![[personal profile]](https://www.dreamwidth.org/img/silk/identity/user.png)
the beginning of the end
[OT from cottage renovations]
this is the last day in the field, time to get my aching self into motion and back to the job site. yesterday was a big push and a lot got done, but several of us are paying for it this morning in a direct physical way.
by the end of the day we won't have finished our little project, just one home out of the many, but we will have boosted it along and next week others will follow to do more. incremental progress is the only kind that can be achieved; this morning I'm feeling even more finite than usual. but it's worthwhile to be doing this, and how anybody could sustain it for the longer stretches that many have is beyond me at this particular moment.
a quick word (well, two of them) to anybody who might be reading this among those whose contributions made this trip possible: thank you.
we are as much the beneficiaries of your generosity as those to whom our efforts are explicitly directed.
pictoral coverage resumes this evening.
no subject
I think after awhile, the body gives up fighting, and the physiological need of staying alive kicks into gear; as Maslow calls them, Excretion, Eating, Drinking and Breathing.
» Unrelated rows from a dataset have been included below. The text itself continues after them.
(* For all fixed $\alpha,\delta\in(0,1)$ there is a constant $C>0$ such that for every sufficiently large $n$ there is a Boolean function $f:\{0,1\}^n\to\{0,1\}$ with $\mu(f)=\lceil \alpha 2^n\rceil 2^{-n}$ (so $\mu(f)=\alpha$ up to the unavoidable rounding to a multiple of $2^{-n}$) such that $$J^+_S(f)<1-n^{-C}\quad\text{for every } S\subseteq[n] \text{ with } |S|=\lfloor(1/2-\delta)n\rfloor .$$
   Context: $[n]=\{1,\dots,n\}$. For a finite set $T$, $\Omega(T)=\{0,1\}^T$ and $\mu_T$ is the uniform probability measure on $\Omega(T)$; $\mu=\mu_{[n]}$, and for Boolean $f$, $\mu(f)=\mu(\{x:f(x)=1\})$. Points of $\Omega([n])$ are written $(u,v)$ with $u\in\Omega([n]\setminus S)$, $v\in\Omega(S)$. For $S\subseteq[n]$, $J^+_S(f)=\mu_{[n]\setminus S}(\{u\in\Omega([n]\setminus S):\exists v\in\Omega(S),\ f(u,v)=1\})$, i.e. the probability that a uniformly random setting of the variables outside $S$ does not force $f=0$. (The influence of $S$ toward one is $I^+_S(f)=J^+_S(f)-\mu(f)$.) *)

theory Defs
  imports Complex_Main
begin

text \<open>Points of \<Omega>(T) = {0,1}^T are encoded by their supports, i.e. subsets of T.
  A Boolean function on \<Omega>([n]) is a predicate on subsets of {1..n}.\<close>

definition cube :: "nat set \<Rightarrow> nat set set" where
  "cube T = Pow T"

definition mu :: "nat \<Rightarrow> (nat set \<Rightarrow> bool) \<Rightarrow> real" where
  "mu n f = real (card {x \<in> cube {1..n}. f x}) / 2 ^ n"

definition Jplus :: "nat \<Rightarrow> nat set \<Rightarrow> (nat set \<Rightarrow> bool) \<Rightarrow> real" where
  "Jplus n S f = real (card {u \<in> cube ({1..n} - S). \<exists>v \<in> cube S. f (u \<union> v)})
                 / 2 ^ card ({1..n} - S)"

end

theory Submission
  imports Defs "HOL-Real_Asymp.Real_Asymp"
begin

text \<open>Cut {1..n} into n div m blocks of length m \<approx> A log n and call a point light if some
  block carries at most t = \<lfloor>\<beta> m\<rfloor> ones, where \<beta> = (1 - \<delta>)/2 < 1/2. Any f supported on
  non-light points works: a set S of size (1/2 - \<delta>) n < (n div m)(t + 1) meets some block in at
  most t coordinates, so every setting of the variables outside S that vanishes on that block
  forces f = 0, and J^+_S(f) \<le> 1 - 2^-m = 1 - n^-O(1). Since \<beta> < 1/2, the binomial tail
  \<Sum>j\<le>t. m choose j is at most (2q)^m for some q < 1, so for suitable A the light points form at
  most a 1/n fraction of the cube, which leaves room for every density \<alpha> < 1.\<close>

lemma card_Pow_restrict_eq:
  assumes "finite U" "B \<subseteq> U"
  shows "card {x \<in> Pow U. P (x \<inter> B)} = card {a \<in> Pow B. P a} * 2 ^ card (U - B)"
proof -
  have split_inverse: "(a \<union> b) \<inter> B = a" "(a \<union> b) - B = b" if "a \<subseteq> B" "b \<subseteq> U - B" for a b
    using that by auto
  have "bij_betw (\<lambda>x. (x \<inter> B, x - B)) {x \<in> Pow U. P (x \<inter> B)} ({a \<in> Pow B. P a} \<times> Pow (U - B))"
    by (rule bij_betw_byWitness[where f' = "\<lambda>(a, b). a \<union> b"]) (use assms split_inverse in auto)
  then show ?thesis
    using assms by (simp add: bij_betw_same_card card_cartesian_product card_Pow)
qed

lemma card_Pow_card_le:
  assumes "finite B"
  shows "card {a \<in> Pow B. card a \<le> t} = (\<Sum>j\<le>t. card B choose j)"
proof -
  have "{a \<in> Pow B. card a \<le> t} = (\<Union>j\<le>t. {a. a \<subseteq> B \<and> card a = j})" by auto
  moreover have "card (\<Union>j\<le>t. {a. a \<subseteq> B \<and> card a = j}) = (\<Sum>j\<le>t. card {a. a \<subseteq> B \<and> card a = j})"
    by (rule card_UN_disjoint) (auto intro: finite_subset[of _ "Pow B"] simp: assms)
  ultimately show ?thesis by (simp add: n_subsets assms)
qed
(* Let $\mathcal{R}$ be a fusion ring with basis $\{x_1=1,\ldots,x_m\}$ and fusion matrices $M_j$. Then the primary $2$-matrix is positive semidefinite: \[ \sum_{j=1}^m M_j\otimes M_j\geq0. \]
   Context: A fusion ring is a ring $\mathcal{R}$ which is a free $\mathbb{Z}$-module with a finite basis $\{x_1=1,\ldots,x_m\}$ such that $x_ix_j=\sum_k N_{ij}^k x_k$ with $N_{ij}^k\in\mathbb{N}$; there is an involution $i\mapsto i^*$ whose $\mathbb{Z}$-linear extension is an anti-involution of $\mathcal{R}$; and the coefficient of $x_1$ in $x_ix_j$ equals $\delta_{i,j^*}$. The fusion matrix of $x_j$ is $(M_j)_{k,i}=N_{ji}^k$; $\otimes$ is the Kronecker product. *)

theory Defs
  imports "HOL-Analysis.Analysis"
begin

text \<open>A fusion ring with finite basis indexed by the finite type 'b, unit basis element
  indexed by e, structure constants N i j k (coefficient of x_k in x_i x_j) and
  involution d on indices.\<close>

definition fusion_ring :: "('b::finite \<Rightarrow> 'b \<Rightarrow> 'b \<Rightarrow> nat) \<Rightarrow> 'b \<Rightarrow> ('b \<Rightarrow> 'b) \<Rightarrow> bool" where
  "fusion_ring N e d \<longleftrightarrow>
     \<comment> \<open>associativity of the multiplication\<close>
     (\<forall>i j k t. (\<Sum>l\<in>UNIV. N i j l * N l k t) = (\<Sum>l\<in>UNIV. N j k l * N i l t)) \<and>
     \<comment> \<open>x_e is the unit\<close>
     (\<forall>i k. N e i k = (if k = i then 1 else 0)) \<and>
     (\<forall>i k. N i e k = (if k = i then 1 else 0)) \<and>
     \<comment> \<open>d is an involution whose linear extension is an anti-involution\<close>
     (\<forall>i. d (d i) = i) \<and>
     (\<forall>i j k. N (d j) (d i) (d k) = N i j k) \<and>
     \<comment> \<open>coefficient of the unit in x_i x_j is delta(i, j*)\<close>
     (\<forall>i j. N i j e = (if i = d j then 1 else 0))"

definition fusion_matrix :: "('b::finite \<Rightarrow> 'b \<Rightarrow> 'b \<Rightarrow> nat) \<Rightarrow> 'b \<Rightarrow> real^'b^'b" where
  "fusion_matrix N j = (\<chi> k i. real (N j i k))"

definition kron :: "real^'n::finite^'m::finite \<Rightarrow> real^'q::finite^'p::finite \<Rightarrow> real^('n\<times>'q)^('m\<times>'p)" where
  "kron A B = (\<chi> r c. A$(fst r)$(fst c) * B$(snd r)$(snd c))"

definition psd :: "real^'n::finite^'n \<Rightarrow> bool" where
  "psd A \<longleftrightarrow> transpose A = A \<and> (\<forall>v. 0 \<le> v \<bullet> (A *v v))"

end

theory Submission
  imports Defs
begin

text \<open>Frobenius reciprocity N_{ji}^k = N_{k i*}^j together with associativity turns the entry
  of sum_j M_j (x) M_j at row (k, k') and column (i, i') into sum_l N_{k'* k}^l N_{i'* i}^l.
  So the matrix is the Gram matrix B^T B of B_{l,(k,k')} = N_{k'* k}^l, hence positive
  semidefinite.\<close>

lemma psd_transpose_mult_self: "psd (transpose B ** B)"
  for B :: "real^'n::finite^'m::finite"
proof -
  have "v \<bullet> ((transpose B ** B) *v v) = (B *v v) \<bullet> (B *v v)" for v
  proof -
    have "v \<bullet> ((transpose B ** B) *v v) = v \<bullet> ((B *v v) v* B)"
      by (simp flip: matrix_vector_mul_assoc)
    also have "\<dots> = (B *v v) \<bullet> (B *v v)"
      by (subst inner_commute) (rule dot_lmul_matrix)
    finally show ?thesis .
  qed
  then show ?thesis
    unfolding psd_def by (simp add: matrix_transpose_mul)
qed

lemma fusion_ring_assoc:
  "fusion_ring N e d \<Longrightarrow> (\<Sum>l\<in>UNIV. N i j l * N l k t) = (\<Sum>l\<in>UNIV. N j k l * N i l t)"
  unfolding fusion_ring_def by blast

lemma fusion_ring_dual_dual: "fusion_ring N e d \<Longrightarrow> d (d i) = i"
  unfolding fusion_ring_def by blast

lemma fusion_ring_dual_coeff: "fusion_ring N e d \<Longrightarrow> N (d j) (d i) (d k) = N i j k"
  unfolding fusion_ring_def by blast

lemma fusion_ring_unit_coeff: "fusion_ring N e d \<Longrightarrow> N i j e = (if i = d j then 1 else 0)"
  unfolding fusion_ring_def by blast

lemma fusion_ring_cyclic:
  assumes "fusion_ring N e d"
  shows "N a b (d c) = N b c (d a)"
proof -
  have "N a b (d c) = (\<Sum>l\<in>UNIV. N a b l * N l c e)"
    by (simp add: fusion_ring_unit_coeff[OF assms] if_distrib cong: if_cong)
  also have "\<dots> = (\<Sum>l\<in>UNIV. N b c l * N a l e)"
    by (rule fusion_ring_assoc[OF assms])
  also have "\<dots> = N b c (d a)"
  proof -
    have "a = d l \<longleftrightarrow> l = d a" for l
      using fusion_ring_dual_dual[OF assms] by metis
    then show ?thesis
      by (simp add: fusion_ring_unit_coeff[OF assms] if_distrib cong: if_cong)
  qed
  finally show ?thesis .
qed

lemma fusion_ring_frobenius:
  assumes "fusion_ring N e d"
  shows "N a b c = N c (d b) a"
proof -
  note dd = fusion_ring_dual_dual[OF assms]
  have "N a b c = N b (d c) (d a)"
    using fusion_ring_cyclic[OF assms, of a b "d c"] by (simp add: dd)
  also have "\<dots> = N c (d b) a"
    using fusion_ring_dual_coeff[OF assms, of "d b" c a] by (simp add: dd)
  finally show ?thesis .
qed

lemma fusion_ring_sum_mult_fusion_coeffs:
  assumes "fusion_ring N e d"
  shows "(\<Sum>j\<in>UNIV. N j i k * N j i' k') = (\<Sum>l\<in>UNIV. N (d k') k l * N (d i') i l)"
proof -
  note dd = fusion_ring_dual_dual[OF assms]
  have "N j i' k' = N (d k') j (d i')" for j
    using fusion_ring_cyclic[OF assms, of j i' "d k'"] fusion_ring_cyclic[OF assms, of i' "d k'" j]
    by (simp add: dd)
  then have "(\<Sum>j\<in>UNIV. N j i k * N j i' k') = (\<Sum>j\<in>UNIV. N k (d i) j * N (d k') j (d i'))"
    by (simp add: fusion_ring_frobenius[OF assms, of _ i k])
  also have "\<dots> = (\<Sum>l\<in>UNIV. N (d k') k l * N l (d i) (d i'))"
    by (rule fusion_ring_assoc[OF assms, symmetric])
  also have "\<dots> = (\<Sum>l\<in>UNIV. N (d k') k l * N (d i') i l)"
    by (simp add: fusion_ring_frobenius[OF assms, of _ "d i" "d i'"] dd)
  finally show ?thesis .
qed

theorem mainTheorem16:
  fixes N :: "'b::finite \<Rightarrow> 'b \<Rightarrow> 'b \<Rightarrow> nat" and e :: 'b and d :: "'b \<Rightarrow> 'b"
  assumes "fusion_ring N e d"
  shows "psd (\<Sum>j\<in>UNIV. kron (fusion_matrix N j) (fusion_matrix N j))"
proof -
  define B :: "real^('b \<times> 'b)^'b" where "B = (\<chi> l r. real (N (d (snd r)) (fst r) l))"
  have "(\<Sum>j\<in>UNIV. kron (fusion_matrix N j) (fusion_matrix N j)) $ r $ c
      = (transpose B ** B) $ r $ c" for r c
  proof -
    have "(\<Sum>j\<in>UNIV. kron (fusion_matrix N j) (fusion_matrix N j)) $ r $ c
        = real (\<Sum>j\<in>UNIV. N j (fst c) (fst r) * N j (snd c) (snd r))"
      by (simp add: sum_component kron_def fusion_matrix_def)
    also have "\<dots> = real (\<Sum>l\<in>UNIV. N (d (snd r)) (fst r) l * N (d (snd c)) (fst c) l)"
      by (subst fusion_ring_sum_mult_fusion_coeffs[OF assms]) (rule refl)
    finally show ?thesis
      by (simp add: B_def matrix_matrix_mult_def transpose_def)
  qed
  then have "(\<Sum>j\<in>UNIV. kron (fusion_matrix N j) (fusion_matrix N j)) = transpose B ** B"
    by (simp add: vec_eq_iff)
  then show ?thesis
    by (simp add: psd_transpose_mult_self)
qed

end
The sleepless nights end because of exhaustion. Food becomes a necessary sustainment no matter what it is or how it's prepared. We reach our breaking point and then find out it's only our bending point.
"That which doesn't kill you, makes you stronger." Who is the wise guy who pontificated those words? W.C. Fields!?
no subject
(Anonymous) 2008-03-29 09:29 pm (UTC)(link)In the meantime, I'm glad you had a chance to be seduced by 'incidental texture' before you were too tired to lift your camera. It was a lovely sidebar to the recordation of your inspiring group effort.